Dans ce pays où moins de 5 % de la population est chrétienne, le 1er novembre est une aubaine pour de nombreux jeunes rompus au monde de l’informel.

Au Sénégal, la Toussaint se prépare depuis une semaine, mais ce sont moins les chrétiens que les musulmans qui s’activent en prévision des célébrations de ce vendredi 1er novembre. Dans ce pays où moins de 5 % de la population est chrétienne, la Toussaint est avant tout l’opportunité de gagner quelques billets pour de nombreux jeunes rompus au monde de l’informel et des petits boulots.

Jeudi, ils étaient une trentaine à circuler dans les allées de Bel-Air, le plus vieux cimetière chrétien de Dakar, à l’entrée d’une zone industrielle. « Demain sera le meilleur jour de l’année », glisse Lamine en frottant ses mains terreuses contre son tee-shirt découpé dans un drapeau sénégalais. Il sait que les riches familles chrétiennes vont se recueillir auprès de leurs défunts. Et il est impensable que la tombe des ancêtres soit plus sale que celle de leurs voisins, c’est une question de rang. « C’est mieux de travailler dans les cimetières chrétiens, parce qu’ils ont des tombes avec du carrelage, de la pierre et parfois même du marbre ! Il y a de quoi nettoyer, alors que les tombes musulmanes, c’est souvent dans le sable », poursuit le jeune homme.

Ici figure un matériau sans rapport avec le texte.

lemma sub_class_eq_iff:
  assumes r1: "r1 \<in> subrep C Y S B" and r2: "r2 \<in> subrep C Y S B"
  shows "sub_class Y S B r1 = sub_class Y S B r2 \<longleftrightarrow> sub_equiv C Y r1 r2"
proof
  assume "sub_class Y S B r1 = sub_class Y S B r2"
  moreover have "r1 \<in> sub_class Y S B r1" unfolding sub_class_def using r1 sub_equiv_refl[OF r1] by blast
  ultimately show "sub_equiv C Y r1 r2" unfolding sub_class_def by blast
next
  assume e: "sub_equiv C Y r1 r2"
  show "sub_class Y S B r1 = sub_class Y S B r2"
    unfolding sub_class_def using sub_equiv_trans[OF r1 _ sub_equiv_sym[OF r2 e]] sub_equiv_trans[OF r2 _ e]
    by blast
qed

end

section \<open>Base change along a split epimorphism\<close>

locale base_change = finitely_complete_cat +
  fixes Y Z :: 'a and g t :: 'b
  assumes split_epi: "split_epi C Y Z g t"
begin

abbreviation bc where "bc A \<equiv> bc_ob C Y Z g A"
abbreviation bc_map where "bc_map A B k \<equiv> bc_hom C Y Z g A B k"

lemma g_in_Hom: "g \<in> Hom C Y Z" and t_in_Hom: "t \<in> Hom C Z Y" and g_t: "g \<cdot> t = ide C Z"
  using split_epi unfolding split_epi_def by auto

lemma ide_Y: "ide C Y \<in> Hom C Y Y" using ide_in_Hom_dom[OF g_in_Hom] .

lemma g_t_cancel: "f \<in> Hom C X Z \<Longrightarrow> g \<cdot> (t \<cdot> f) = f"
  using comp_assoc[OF _ t_in_Hom g_in_Hom] g_t comp_ide_left by metis

definition bc_snd where "bc_snd A = snd (snd (bc_data C Y Z g A))"

lemma bc_ob_eq:
  "bc A = (fst (bc_data C Y Z g A), fst (snd (bc_data C Y Z g A)),
     THE s'. s' \<in> Hom C Y (fst (bc_data C Y Z g A)) \<and> fst (snd (bc_data C Y Z g A)) \<cdot> s' = ide C Y \<and>
       bc_snd A \<cdot> s' = psec A \<cdot> g)"
  unfolding bc_ob_def bc_snd_def by (simp split: prod.split)

lemma bc_psec_eq:
  "psec (bc A) = (THE s'. s' \<in> Hom C Y (pcar (bc A)) \<and> pmap (bc A) \<cdot> s' = ide C Y \<and>
     bc_snd A \<cdot> s' = psec A \<cdot> g)"
  unfolding bc_ob_eq by simp

lemma bc_pullback:
  "pt_ob C Z A \<Longrightarrow> is_pullback C Y (pcar A) Z g (pmap A) (pcar (bc A)) (pmap (bc A)) (bc_snd A)"
  unfolding bc_ob_eq bc_snd_def bc_data_def using pb_is_pullback g_in_Hom pt_obD by simp

lemma bc_hom_eq:
  "bc_map A B k = (THE u. u \<in> Hom C (pcar (bc A)) (pcar (bc B)) \<and> pmap (bc B) \<cdot> u = pmap (bc A) \<and>
     bc_snd B \<cdot> u = k \<cdot> bc_snd A)"
  unfolding bc_hom_def bc_ob_eq bc_snd_def by (simp split: prod.split)

lemma bc_sec:
  assumes A: "pt_ob C Z A"
  shows "psec (bc A) \<in> Hom C Y (pcar (bc A))" "pmap (bc A) \<cdot> psec (bc A) = ide C Y"
    "bc_snd A \<cdot> psec (bc A) = psec A \<cdot> g"
proof -
  note pb = bc_pullback[OF A]
  have fA: "pmap A \<in> Hom C (pcar A) Z" and sA: "psec A \<in> Hom C Z (pcar A)"
    and fs: "pmap A \<cdot> psec A = ide C Z" using pt_obD[OF A] by auto
  have sg: "psec A \<cdot> g \<in> Hom C Y (pcar A)" using comp_in_Hom g_in_Hom sA by blast
  have "g \<cdot> ide C Y = pmap A \<cdot> (psec A \<cdot> g)"
    using comp_ide_right[OF g_in_Hom] comp_assoc[OF g_in_Hom sA fA] fs comp_ide_left[OF g_in_Hom] by simp
  then obtain u where u: "u \<in> Hom C Y (pcar (bc A))" "pmap (bc A) \<cdot> u = ide C Y"
    "bc_snd A \<cdot> u = psec A \<cdot> g"
    using pullback_lift[OF pb ide_Y sg] by blast
  have "psec (bc A) = u" unfolding bc_psec_eq by (rule the_pullback_lift[OF pb u])
  then show "psec (bc A) \<in> Hom C Y (pcar (bc A))" "pmap (bc A) \<cdot> psec (bc A) = ide C Y"
    "bc_snd A \<cdot> psec (bc A) = psec A \<cdot> g" using u by auto
qed

lemma bc_pt_ob: "pt_ob C Z A \<Longrightarrow> pt_ob C Y (bc A)"
  unfolding pt_ob_def[of C Y] split_epi_def using bc_sec pullbackD[OF bc_pullback] by blast

definition tbar where
  "tbar A = (THE u. u \<in> Hom C (pcar A) (pcar (bc A)) \<and> pmap (bc A) \<cdot> u = t \<cdot> pmap A \<and>
     bc_snd A \<cdot> u = ide C (pcar A))"

lemma tbar:
  assumes A: "pt_ob C Z A"
  shows "tbar A \<in> Hom C (pcar A) (pcar (bc A))" "pmap (bc A) \<cdot> tbar A = t \<cdot> pmap A"
    "bc_snd A \<cdot> tbar A = ide C (pcar A)"
proof -
  note pb = bc_pullback[OF A]
  have fA: "pmap A \<in> Hom C (pcar A) Z" using pt_obD[OF A] by blast
  have "g \<cdot> (t \<cdot> pmap A) = pmap A \<cdot> ide C (pcar A)"
    using g_t_cancel[OF fA] comp_ide_right[OF fA] by simp
  then obtain u where u: "u \<in> Hom C (pcar A) (pcar (bc A))" "pmap (bc A) \<cdot> u = t \<cdot> pmap A"
    "bc_snd A \<cdot> u = ide C (pcar A)"
    using pullback_lift[OF pb comp_in_Hom[OF fA t_in_Hom] ide_in_Hom_dom[OF fA]] by blast
  then show "tbar A \<in> Hom C (pcar A) (pcar (bc A))" "pmap (bc A) \<cdot> tbar A = t \<cdot> pmap A"
    "bc_snd A \<cdot> tbar A = ide C (pcar A)"
    unfolding tbar_def the_pullback_lift[OF pb u] by auto
qed

lemma tbar_psec:
  assumes A: "pt_ob C Z A"
  shows "tbar A \<cdot> psec A = psec (bc A) \<cdot> t"
proof (rule pullback_eqI[OF bc_pullback[OF A]])
  note tb = tbar[OF A] and s = bc_sec[OF A] and d = pullbackD[OF bc_pullback[OF A]]
  have fA: "pmap A \<in> Hom C (pcar A) Z" and sA: "psec A \<in> Hom C Z (pcar A)"
    and fs: "pmap A \<cdot> psec A = ide C Z" using pt_obD[OF A] by auto
  show "tbar A \<cdot> psec A \<in> Hom C Z (pcar (bc A))" "psec (bc A) \<cdot> t \<in> Hom C Z (pcar (bc A))"
    using comp_in_Hom tb s sA t_in_Hom by blast+
  show "pmap (bc A) \<cdot> tbar A \<cdot> psec A = pmap (bc A) \<cdot> psec (bc A) \<cdot> t"
    using comp_assoc[OF sA tb(1) d(3)] comp_assoc[OF t_in_Hom s(1) d(3)] tb s comp_assoc[OF sA fA t_in_Hom]
      fs comp_ide_left[OF t_in_Hom] comp_ide_right[OF t_in_Hom]
    by simp
  show "bc_snd A \<cdot> tbar A \<cdot> psec A = bc_snd A \<cdot> psec (bc A) \<cdot> t"
    using comp_assoc[OF sA tb(1) d(4)] comp_assoc[OF t_in_Hom s(1) d(4)] tb s
      comp_assoc[OF t_in_Hom g_in_Hom sA] g_t comp_ide_left[OF sA] comp_ide_right[OF sA]
    by simp
qed

lemma bc_hom:
  assumes A: "pt_ob C Z A" and B: "pt_ob C Z B" and k: "k \<in> Hom C (pcar A) (pcar B)"
    and fk: "pmap B \<cdot> k = pmap A"
  shows "bc_map A B k \<in> Hom C (pcar (bc A)) (pcar (bc B))" "pmap (bc B) \<cdot> bc_map A B k = pmap (bc A)"
    "bc_snd B \<cdot> bc_map A B k = k \<cdot> bc_snd A"
proof -
  note dA = pullbackD[OF bc_pullback[OF A]]
  have fB: "pmap B \<in> Hom C (pcar B) Z" using pt_obD[OF B] by blast
  have "g \<cdot> pmap (bc A) = pmap B \<cdot> (k \<cdot> bc_snd A)" using dA comp_assoc[OF dA(4) k fB] fk by simp
  then obtain u where u: "u \<in> Hom C (pcar (bc A)) (pcar (bc B))" "pmap (bc B) \<cdot> u = pmap (bc A)"
    "bc_snd B \<cdot> u = k \<cdot> bc_snd A"
    using pullback_lift[OF bc_pullback[OF B] dA(3) comp_in_Hom[OF dA(4) k]] by blast
  then show "bc_map A B k \<in> Hom C (pcar (bc A)) (pcar (bc B))" "pmap (bc B) \<cdot> bc_map A B k = pmap (bc A)"
    "bc_snd B \<cdot> bc_map A B k = k \<cdot> bc_snd A"
    unfolding bc_hom_eq the_pullback_lift[OF bc_pullback[OF B] u] by auto
qed

lemma bc_hom_unique:
  assumes "pt_ob C Z B" and u: "u \<in> Hom C (pcar (bc A)) (pcar (bc B))"
    "pmap (bc B) \<cdot> u = pmap (bc A)" "bc_snd B \<cdot> u = k \<cdot> bc_snd A"
  shows "bc_map A B k = u"
  unfolding bc_hom_eq by (rule the_pullback_lift[OF bc_pullback[OF assms(1)] u])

Pour 5 000 francs CFA (7,60 euros), Lamine et ses collègues frottent la dalle à la brosse, ripolinent au chiffon et lavent même à grande eau quand la terre s’est incrustée. Pour quelques francs CFA supplémentaires, Lamine ouvre même son pot de peinture pour repasser les noms et les dates en noir. « On fait ça propre, sourit-il. Mieux que les techniciens du cimetière, qui demandent 15 000 francs CFA par mois pour frotter deux fois. »

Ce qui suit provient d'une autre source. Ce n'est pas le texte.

lemma conformal_hom_finite_family:
  assumes "conformal_hom M N \<phi>" and "finite I" and "\<epsilon> > 0"
  obtains \<delta> where "\<delta> > 0"
    and "\<And>A. (\<And>i. i \<in> I \<Longrightarrow> A i \<in> sets M) \<Longrightarrow> (\<And>i. i \<in> I \<Longrightarrow> emeas M (A i) \<le> ereal \<delta>) \<Longrightarrow>
      \<exists>c>0. \<forall>i\<in>I. \<forall>j\<in>I. \<bar>emeas M (A i \<inter> A j) - ereal c * emeas N (\<phi> (A i) \<inter> \<phi> (A j))\<bar>
        \<le> ereal \<epsilon> * Max ((\<lambda>l. emeas M (A l)) ` I)"
proof -
  define e where "e = min (\<epsilon> / 9) (1/2)"
  have e: "0 < e" "e \<le> 1/2" "9 * e \<le> \<epsilon>" using \<open>\<epsilon> > 0\<close> by (auto simp: e_def)
  obtain \<delta> where "\<delta> > 0" and image: "\<And>U. U \<in> sets M \<Longrightarrow> emeas M U \<le> ereal \<delta> \<Longrightarrow> \<phi> U \<in> fmeasurable N"
    and cal: "\<And>U V. U \<in> sets M \<Longrightarrow> V \<in> sets M \<Longrightarrow> emeas M U \<le> ereal \<delta> \<Longrightarrow> emeas M V \<le> ereal \<delta> \<Longrightarrow>
           \<exists>c. calibrates M N \<phi> e U V c"
    using conformal_hom_calibrates[OF assms(1) e(1)] by blast
  show thesis
  proof (rule that[OF \<open>\<delta> > 0\<close>])
    fix A assume sets: "\<And>i. i \<in> I \<Longrightarrow> A i \<in> sets M"
      and small: "\<And>i. i \<in> I \<Longrightarrow> emeas M (A i) \<le> ereal \<delta>"
    have fin: "A i \<in> fmeasurable M" "\<phi> (A i) \<in> fmeasurable N" if "i \<in> I" for i
      using sets[OF that] small[OF that] by (simp_all add: fmeasurable_if_emeas_le image)
    show "\<exists>c>0. \<forall>i\<in>I. \<forall>j\<in>I. \<bar>emeas M (A i \<inter> A j) - ereal c * emeas N (\<phi> (A i) \<inter> \<phi> (A j))\<bar>
        \<le> ereal \<epsilon> * Max ((\<lambda>l. emeas M (A l)) ` I)"
    proof (cases "I = {}")
      case True
      then show ?thesis by (intro exI[of _ 1]) auto
    next
      case False
      then have "Max ((\<lambda>l. emeas M (A l)) ` I) \<in> (\<lambda>l. emeas M (A l)) ` I"
        using assms(2) by (intro Max_in) auto
      then obtain p where p: "p \<in> I" and max_p: "Max ((\<lambda>l. emeas M (A l)) ` I) = emeas M (A p)"
        by blast
      have "measure M (A l) \<le> measure M (A p)" if "l \<in> I" for l
      proof -
        have "emeas M (A l) \<le> emeas M (A p)" using that assms(2) by (simp flip: max_p)
        then show ?thesis using fin(1) p that by (simp add: emeas_fmeasurable)
      qed
      moreover have "\<exists>c. calibrates M N \<phi> e (A i) (A j) c" if "i \<in> I" "j \<in> I" for i j
        using sets small that by (simp add: cal)
      ultimately obtain c where "c > 0" and bound: "\<And>i j. i \<in> I \<Longrightarrow> j \<in> I \<Longrightarrow>
          \<bar>measure M (A i \<inter> A j) - c * measure N (\<phi> (A i) \<inter> \<phi> (A j))\<bar> \<le> 9 * e * measure M (A p)"
        using common_calibration[of e p I] e p fin(2) by (metis less_imp_le)
      have "9 * e * measure M (A p) \<le> \<epsilon> * measure M (A p)"
        using e(3) by (simp add: mult_right_mono)
      then have "\<bar>emeas M (A i \<inter> A j) - ereal c * emeas N (\<phi> (A i) \<inter> \<phi> (A j))\<bar>
          \<le> ereal \<epsilon> * emeas M (A p)" if "i \<in> I" "j \<in> I" for i j
        using bound[OF that] fin[OF that(1)] fin[OF that(2)] fin[OF p]
        by (simp add: emeas_fmeasurable fmeasurable_Int_fmeasurable fmeasurableD)
      then show ?thesis using \<open>c > 0\<close> max_p by auto
    qed
  qed
qed

theorem lemma4p3:
  fixes M :: "'a measure" and N :: "'b measure" and \<phi> :: "'a set \<Rightarrow> 'b set"
  assumes "sigma_finite_measure M" and "sigma_finite_measure N"
    and "conformal_hom M N \<phi>"
  shows "\<forall>k::nat. \<forall>\<epsilon>::real>0. \<exists>\<delta>::real>0. \<forall>A :: nat \<Rightarrow> 'a set.
           (\<forall>i\<in>{1..k}. A i \<in> sets M \<and> emeas M (A i) \<le> ereal \<delta>) \<longrightarrow>
           (\<exists>c::real>0. \<forall>i\<in>{1..k}. \<forall>j\<in>{1..k}.
              \<bar>emeas M (A i \<inter> A j) - ereal c * emeas N (\<phi> (A i) \<inter> \<phi> (A j))\<bar>
                \<le> ereal \<epsilon> * Max ((\<lambda>l. emeas M (A l)) ` {1..k}))"
proof (intro allI impI)
  fix k :: nat and \<epsilon> :: real
  assume "\<epsilon> > 0"
  then obtain \<delta> where "\<delta> > 0" and family: "\<And>A. (\<And>i. i \<in> {1..k} \<Longrightarrow> A i \<in> sets M) \<Longrightarrow>
      (\<And>i. i \<in> {1..k} \<Longrightarrow> emeas M (A i) \<le> ereal \<delta>) \<Longrightarrow>
      \<exists>c>0. \<forall>i\<in>{1..k}. \<forall>j\<in>{1..k}. \<bar>emeas M (A i \<inter> A j) - ereal c * emeas N (\<phi> (A i) \<inter> \<phi> (A j))\<bar>
        \<le> ereal \<epsilon> * Max ((\<lambda>l. emeas M (A l)) ` {1..k})"
    using conformal_hom_finite_family[OF assms(3) finite_atLeastAtMost] by blast
  then show "\<exists>\<delta>>0. \<forall>A. (\<forall>i\<in>{1..k}. A i \<in> sets M \<and> emeas M (A i) \<le> ereal \<delta>) \<longrightarrow>
      (\<exists>c>0. \<forall>i\<in>{1..k}. \<forall>j\<in>{1..k}.
        \<bar>emeas M (A i \<inter> A j) - ereal c * emeas N (\<phi> (A i) \<inter> \<phi> (A j))\<bar>
          \<le> ereal \<epsilon> * Max ((\<lambda>l. emeas M (A l)) ` {1..k}))"
    by blast
qed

« Il y a de la place pour tout le monde »
Face à la demande qui explose en cette période de Toussaint, les techniciens sont bien obligés d’ouvrir les grilles aux nettoyeurs occasionnels comme Lamine, en sachant qu’ils repartiront une fois la fête des morts passée.

Ousmane est l’un d’entre eux. « Il y a beaucoup de morts et de la place pour tout le monde », lance-t-il, zigzaguant entre les stèles, un bidon d’eau et des fleurs en plastique entre les mains. « Des gens viennent du monde entier pour déposer des fleurs et nettoyer les tombes à la Toussaint, souffle-t-il. Ici, beaucoup d’étrangers sont enterrés : des Français, des Italiens, des Suisses, des Anglais, des Vietnamiens… Nous avons même des soldats morts en 14-18. »

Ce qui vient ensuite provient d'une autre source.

(* For $m\ge 1$, let $\mathbf{D}_m$ be the $m\times m$ symmetric tridiagonal matrix with diagonal entries $d_{kk}=4k^2-6k+\tfrac52$ ($1\le k\le m$), off-diagonal entries $d_{k,k+1}=d_{k+1,k}=-k(2k-1)$ ($1\le k\le m-1$), and all other entries zero. Then for every $m\in\mathbb{N}$ its smallest eigenvalue satisfies $$\lambda_{\min}(\mathbf{D}_m)<\frac{1}{\ln\big(m+\frac12\big)}.$$ *)

theory Defs
  imports Complex_Main "Jordan_Normal_Form.Char_Poly"
begin

text \<open>The m x m symmetric tridiagonal matrix D_m. Jordan_Normal_Form matrices are 0-indexed,
  so row/column i corresponds to the paper's index k = i + 1.\<close>
definition Dmat :: "nat \<Rightarrow> real mat" where
  "Dmat m = mat m m (\<lambda>(i, j).
     let k = real (i + 1) in
     if i = j then 4 * k^2 - 6 * k + 5/2
     else if j = i + 1 then - k * (2 * k - 1)
     else if i = j + 1 then - real (j + 1) * (2 * real (j + 1) - 1)
     else 0)"

definition lambda_min :: "real mat \<Rightarrow> real" where
  "lambda_min A = Min {l. eigenvalue A l}"

end

theory Submission
  imports Defs
begin

text \<open>
  For a real symmetric matrix D the infimum t of the Rayleigh quotient x^T D x / |x|^2 is an
  eigenvalue: otherwise D - t I would be invertible and positive semidefinite, hence coercive, and
  t could be increased. So it suffices to exhibit one vector with a small Rayleigh quotient.
  For D = Dmat m take the solution x of D x = e_0, which is explicit (indices from 0): with the
  Wallis ratios u_k = binom(2k, k) / 4^k,
    x_k = u_k * sum_{k <= j < m} 2 / ((2j + 1) u_j)^2.
  Then x^T D x = x_0 and |x|^2 >= x_0^2, so the smallest eigenvalue is below 1 / x_0; and
  u_j^2 <= 1 / (2j + 1) gives x_0 >= sum_{j < m} 2 / (2j + 1) >= ln (2m + 1) > ln (m + 1/2).
\<close>

definition quad_form :: "nat \<Rightarrow> (nat \<Rightarrow> nat \<Rightarrow> real) \<Rightarrow> (nat \<Rightarrow> real) \<Rightarrow> real" where
  "quad_form n a v = (\<Sum>i<n. \<Sum>j<n. a i j * v i * v j)"

definition sq_norm :: "nat \<Rightarrow> (nat \<Rightarrow> real) \<Rightarrow> real" where
  "sq_norm n v = (\<Sum>i<n. (v i)\<^sup>2)"

lemma sq_norm_nonneg: "sq_norm n v \<ge> 0"
  unfolding sq_norm_def by (intro sum_nonneg) auto

lemma sq_le_sq_norm: "i < n \<Longrightarrow> (v i)\<^sup>2 \<le> sq_norm n v"
  unfolding sq_norm_def by (rule member_le_sum) auto

lemma abs_le_sqrt_sq_norm: "i < n \<Longrightarrow> \<bar>v i\<bar> \<le> sqrt (sq_norm n v)"
  using real_sqrt_le_mono[OF sq_le_sq_norm[of i n v]] by simp

lemma abs_mult_le_sq_norm:
  assumes "i < n" "j < n"
  shows "\<bar>v i\<bar> * \<bar>v j\<bar> \<le> sq_norm n v"
proof -
  have "\<bar>v i\<bar> * \<bar>v j\<bar> \<le> sqrt (sq_norm n v) * sqrt (sq_norm n v)"
    by (intro mult_mono abs_le_sqrt_sq_norm assms) (auto simp: sq_norm_nonneg)
  then show ?thesis
    using sq_norm_nonneg[of n v] by simp
qed

lemma sq_norm_eq_0_imp_quad_form_eq_0: "sq_norm n v = 0 \<Longrightarrow> quad_form n a v = 0"
  unfolding sq_norm_def quad_form_def by (simp add: sum_nonneg_eq_0_iff)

A Dakar, la Toussaint est aussi une aubaine pour les vendeuses de fleurs qui s’alignent devant les grilles. Ngone Ndiaye, musulmane comme ses consœurs, vend des tulipes des Pays-Bas et des œillets d’Inde. Mais ce qui marche le mieux, ce sont les fleurs en plastique, plus durables sous les chaleurs sahéliennes. Elle s’attend à l’affluence du vendredi et donne son numéro à la volée pour les grosses commandes.

Le vent de sable vient de se lever. Une fine poussière recouvre les tombes. « Ça nous donnera plus de travail, si Dieu le veut », lance Lamine, qui compte bien profiter à fond de la Toussaint car dès samedi, il devra chercher un autre job. Peut-être machiniste ou repartir dans les mines de nickel en Côte d’Ivoire. « Je me laisserai quelques semaines pour trouver », assure-t-il. En attendant, cette Toussaint s’annonce très bonne pour les affaires.